> Requirement: The lines below that include "unfolding" are to be found and copied.

> Entries shown:
───

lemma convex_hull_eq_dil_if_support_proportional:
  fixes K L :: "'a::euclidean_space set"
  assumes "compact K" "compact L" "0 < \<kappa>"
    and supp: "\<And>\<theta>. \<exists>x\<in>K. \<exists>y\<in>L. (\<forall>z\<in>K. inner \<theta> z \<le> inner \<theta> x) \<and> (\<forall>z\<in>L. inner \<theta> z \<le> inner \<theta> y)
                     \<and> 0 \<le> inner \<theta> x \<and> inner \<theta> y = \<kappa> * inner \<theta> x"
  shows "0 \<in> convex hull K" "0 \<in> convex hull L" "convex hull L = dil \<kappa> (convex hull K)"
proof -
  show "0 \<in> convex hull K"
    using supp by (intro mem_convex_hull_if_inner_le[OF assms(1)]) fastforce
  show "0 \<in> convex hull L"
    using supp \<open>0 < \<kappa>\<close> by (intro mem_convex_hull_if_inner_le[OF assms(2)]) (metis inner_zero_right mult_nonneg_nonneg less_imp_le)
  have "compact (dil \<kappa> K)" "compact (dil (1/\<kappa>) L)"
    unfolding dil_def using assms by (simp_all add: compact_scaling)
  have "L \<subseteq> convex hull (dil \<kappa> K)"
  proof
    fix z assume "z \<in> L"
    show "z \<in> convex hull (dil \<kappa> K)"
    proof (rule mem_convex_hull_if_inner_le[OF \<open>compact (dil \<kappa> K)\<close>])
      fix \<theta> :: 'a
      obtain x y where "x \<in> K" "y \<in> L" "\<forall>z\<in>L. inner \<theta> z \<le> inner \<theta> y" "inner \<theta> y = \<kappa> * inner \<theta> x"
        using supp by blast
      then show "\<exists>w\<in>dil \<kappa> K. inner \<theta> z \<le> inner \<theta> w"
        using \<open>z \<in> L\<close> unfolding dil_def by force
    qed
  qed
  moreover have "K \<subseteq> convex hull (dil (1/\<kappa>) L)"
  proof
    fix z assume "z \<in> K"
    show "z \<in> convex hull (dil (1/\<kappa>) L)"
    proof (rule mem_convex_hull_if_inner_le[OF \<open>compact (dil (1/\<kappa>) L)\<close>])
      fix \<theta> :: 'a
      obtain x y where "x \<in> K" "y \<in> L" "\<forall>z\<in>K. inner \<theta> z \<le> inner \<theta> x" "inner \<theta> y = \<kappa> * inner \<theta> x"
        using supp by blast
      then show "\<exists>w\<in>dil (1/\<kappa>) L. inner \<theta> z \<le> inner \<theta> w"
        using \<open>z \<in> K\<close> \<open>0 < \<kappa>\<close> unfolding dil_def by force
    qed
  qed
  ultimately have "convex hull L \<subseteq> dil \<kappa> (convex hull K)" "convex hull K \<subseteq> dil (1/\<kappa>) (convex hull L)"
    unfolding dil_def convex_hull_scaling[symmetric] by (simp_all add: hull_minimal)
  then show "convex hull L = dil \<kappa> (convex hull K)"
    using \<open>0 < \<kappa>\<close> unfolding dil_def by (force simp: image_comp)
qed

───

> Solution for this task:
    unfolding dil_def using assms by (simp_all add: compact_scaling)
        using \<open>z \<in> L\<close> unfolding dil_def by force
        using \<open>z \<in> K\<close> \<open>0 < \<kappa>\<close> unfolding dil_def by force
    unfolding dil_def convex_hull_scaling[symmetric] by (simp_all add: hull_minimal)
    using \<open>0 < \<kappa>\<close> unfolding dil_def by (force simp: image_comp)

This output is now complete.